(* For every function $f_1:\mathbb{N}\times\mathbb{N}\to\mathbb{N}$ there exists a function $f_2:\mathbb{N}\times\mathbb{N}\to\mathbb{N}$ with $f_2\ge f_1$ such that the following holds. Let $G=(V,E)$ be a graph of pathwidth $\mathrm{pw}$ and maximum degree $\Delta$, let $F\subseteq V$ be a set of initially burned vertices with $|F|\le f_1(\mathrm{pw},\Delta)$, and let the budget be any $b\ge1$. Then there exists a protection strategy for the firefighter process on $G$ started from the burned set $F$ such that at most $f_2(\mathrm{pw},\Delta)$ vertices are burned at the end of the process.
   Context: Firefighter process with initial burned set $F$: at step $t=0$ all vertices of $F$ are burned. At every step $t>0$: (1) protection phase: at most $b$ vertices not yet burned become protected; (2) spreading phase: every unprotected vertex adjacent to a burned vertex becomes burned. Burned and protected vertices stay so; the process stops when no new vertex can become burned. A protection strategy specifies which vertices to protect at each step. Pathwidth and maximum degree are the standard notions. *)

theory Defs
  imports Main
begin

definition graph :: "'a set \<Rightarrow> ('a \<Rightarrow> 'a \<Rightarrow> bool) \<Rightarrow> bool" where
  "graph V E \<longleftrightarrow> finite V \<and> (\<forall>u v. E u v \<longrightarrow> u \<in> V \<and> v \<in> V \<and> u \<noteq> v \<and> E v u)"

definition degree :: "'a set \<Rightarrow> ('a \<Rightarrow> 'a \<Rightarrow> bool) \<Rightarrow> 'a \<Rightarrow> nat" where
  "degree V E v = card {u \<in> V. E v u}"

definition max_degree :: "'a set \<Rightarrow> ('a \<Rightarrow> 'a \<Rightarrow> bool) \<Rightarrow> nat" where
  "max_degree V E = (if V = {} then 0 else Max (degree V E ` V))"

definition path_decomposition :: "'a set \<Rightarrow> ('a \<Rightarrow> 'a \<Rightarrow> bool) \<Rightarrow> 'a set list \<Rightarrow> bool" where
  "path_decomposition V E Bs \<longleftrightarrow>
     (\<Union>(set Bs)) = V \<and>
     (\<forall>u v. E u v \<longrightarrow> (\<exists>i < length Bs. u \<in> Bs ! i \<and> v \<in> Bs ! i)) \<and>
     (\<forall>v i j k. i \<le> j \<longrightarrow> j \<le> k \<longrightarrow> k < length Bs \<longrightarrow>
        v \<in> Bs ! i \<longrightarrow> v \<in> Bs ! k \<longrightarrow> v \<in> Bs ! j)"

definition has_pd_of_width :: "'a set \<Rightarrow> ('a \<Rightarrow> 'a \<Rightarrow> bool) \<Rightarrow> nat \<Rightarrow> bool" where
  "has_pd_of_width V E k \<longleftrightarrow>
     (\<exists>Bs. path_decomposition V E Bs \<and> (\<forall>B \<in> set Bs. card B \<le> k + 1))"

definition pathwidth :: "'a set \<Rightarrow> ('a \<Rightarrow> 'a \<Rightarrow> bool) \<Rightarrow> nat" where
  "pathwidth V E = (LEAST k. has_pd_of_width V E k)"

text \<open>Firefighter process. A strategy S gives, for each step t \<ge> 1, the set S t of
  vertices protected at step t.\<close>
fun protected :: "(nat \<Rightarrow> 'a set) \<Rightarrow> nat \<Rightarrow> 'a set" where
  "protected S 0 = {}"
| "protected S (Suc t) = protected S t \<union> S (Suc t)"

fun burned :: "('a \<Rightarrow> 'a \<Rightarrow> bool) \<Rightarrow> 'a set \<Rightarrow> (nat \<Rightarrow> 'a set) \<Rightarrow> nat \<Rightarrow> 'a set" where
  "burned E F S 0 = F"
| "burned E F S (Suc t) = burned E F S t \<union>
     {v. v \<notin> protected S (Suc t) \<and> (\<exists>u \<in> burned E F S t. E u v)}"

definition valid_strategy ::
  "'a set \<Rightarrow> ('a \<Rightarrow> 'a \<Rightarrow> bool) \<Rightarrow> 'a set \<Rightarrow> nat \<Rightarrow> (nat \<Rightarrow> 'a set) \<Rightarrow> bool" where
  "valid_strategy V E F b S \<longleftrightarrow>
     (\<forall>t. finite (S (Suc t)) \<and> card (S (Suc t)) \<le> b \<and>
          S (Suc t) \<subseteq> V - burned E F S t)"

definition final_burned :: "('a \<Rightarrow> 'a \<Rightarrow> bool) \<Rightarrow> 'a set \<Rightarrow> (nat \<Rightarrow> 'a set) \<Rightarrow> 'a set" where
  "final_burned E F S = (\<Union>t. burned E F S t)"

end

theory Submission
  imports Defs
begin

text \<open>The firefighter protects one vertex per step, according to a fixed list, and the
  bound is proved by induction on the maximum bag size k of a path decomposition.
  With at most n initial fires, let W be the ball of radius s = 2n(k+1) around them.
  Each bag that misses W but is adjacent, in the decomposition, to a bag meeting W
  separates the connected pieces of W, so there are at most 2n such bags. Protecting
  their at most s vertices first (none burns within s steps) traps the fire in the
  bags meeting W. Once W has burned, the fire goes on in the graph induced on the
  remaining reachable vertices, whose bags have lost a vertex of W each, starting
  from the at most D|W| neighbours of W, where D is the maximum degree; there the
  induction hypothesis applies.\<close>

definition induced :: "('a \<Rightarrow> 'a \<Rightarrow> bool) \<Rightarrow> 'a set \<Rightarrow> 'a \<Rightarrow> 'a \<Rightarrow> bool" where
  "induced E C a b \<longleftrightarrow> E a b \<and> a \<in> C \<and> b \<in> C"

fun spread :: "('a \<Rightarrow> 'a \<Rightarrow> bool) \<Rightarrow> 'a set \<Rightarrow> 'a set \<Rightarrow> nat \<Rightarrow> 'a set" where
  "spread E P F 0 = F"
| "spread E P F (Suc t) = spread E P F t \<union> {v. v \<notin> P \<and> (\<exists>u \<in> spread E P F t. E u v)}"

definition reached :: "('a \<Rightarrow> 'a \<Rightarrow> bool) \<Rightarrow> 'a set \<Rightarrow> 'a set \<Rightarrow> 'a set" where
  "reached E P F = (\<Union>t. spread E P F t)"

text \<open>The entry xs ! j is protected in step j + 1, so it must not have burned within j
  steps; protecting the whole list from the start does not change the fire up to then.\<close>
definition timely_protection :: "('a \<Rightarrow> 'a \<Rightarrow> bool) \<Rightarrow> 'a set \<Rightarrow> 'a list \<Rightarrow> bool" where
  "timely_protection E F xs \<longleftrightarrow> (\<forall>j < length xs. xs ! j \<notin> spread E (set (take j xs)) F j)"

definition bag_boundary :: "'a set list \<Rightarrow> 'a set \<Rightarrow> nat set" where
  "bag_boundary Bs W = {i. i < length Bs \<and> Bs ! i \<inter> W = {} \<and>
     (\<exists>j \<in> {Suc i, i - 1}. j < length Bs \<and> Bs ! j \<inter> W \<noteq> {})}"

fun burn_bound :: "nat \<Rightarrow> nat \<Rightarrow> nat \<Rightarrow> nat" where
  "burn_bound 0 D n = 0"
| "burn_bound (Suc k) D n =
     n * (D + 1) ^ (2 * n * Suc k) + burn_bound k D (D * (n * (D + 1) ^ (2 * n * Suc k)))"

lemma spread_mono_time: "t \<le> t' \<Longrightarrow> spread E P F t \<subseteq> spread E P F t'"
  by (induction t') (auto simp: le_Suc_eq)

lemma spread_antimono_protected: "P \<subseteq> P' \<Longrightarrow> spread E P' F t \<subseteq> spread E P F t"
  by (induction t) auto

lemma initial_subset_spread: "F \<subseteq> spread E P F t"
  using spread_mono_time[of 0 t] by simp

lemma spread_subset_reached: "spread E P F t \<subseteq> reached E P F"
  unfolding reached_def by blast

lemma spread_subset_reached_less_protected: "P \<subseteq> P' \<Longrightarrow> spread E P' F t \<subseteq> reached E P F"
  by (rule subset_trans[OF spread_antimono_protected spread_subset_reached])

lemma spread_subset:
  "(\<forall>u v. E u v \<longrightarrow> v \<in> V) \<Longrightarrow> F \<subseteq> V \<Longrightarrow> spread E P F t \<subseteq> V"
  by (induction t) auto

lemma reached_subset:
  "(\<forall>u v. E u v \<longrightarrow> v \<in> V) \<Longrightarrow> F \<subseteq> V \<Longrightarrow> reached E P F \<subseteq> V"
  unfolding reached_def using spread_subset by (metis UN_least)

lemma spread_notin_protected: "x \<in> spread E P F t \<Longrightarrow> x \<notin> F \<Longrightarrow> x \<notin> P"
  by (induction t) auto

lemma spread_empty [simp]: "spread E P {} t = {}"
  by (induction t) auto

# [Instructions to follow]
Beginning with the line containing "(\<forall>t. finite (S" in the material above, copy every line exactly until you have copied the line containing "Each bag that".

# [Response to the task]
     (\<forall>t. finite (S (Suc t)) \<and> card (S (Suc t)) \<le> b \<and>
          S (Suc t) \<subseteq> V - burned E F S t)"

definition final_burned :: "('a \<Rightarrow> 'a \<Rightarrow> bool) \<Rightarrow> 'a set \<Rightarrow> (nat \<Rightarrow> 'a set) \<Rightarrow> 'a set" where
  "final_burned E F S = (\<Union>t. burned E F S t)"

end

theory Submission
  imports Defs
begin

text \<open>The firefighter protects one vertex per step, according to a fixed list, and the
  bound is proved by induction on the maximum bag size k of a path decomposition.
  With at most n initial fires, let W be the ball of radius s = 2n(k+1) around them.
  Each bag that misses W but is adjacent, in the decomposition, to a bag meeting W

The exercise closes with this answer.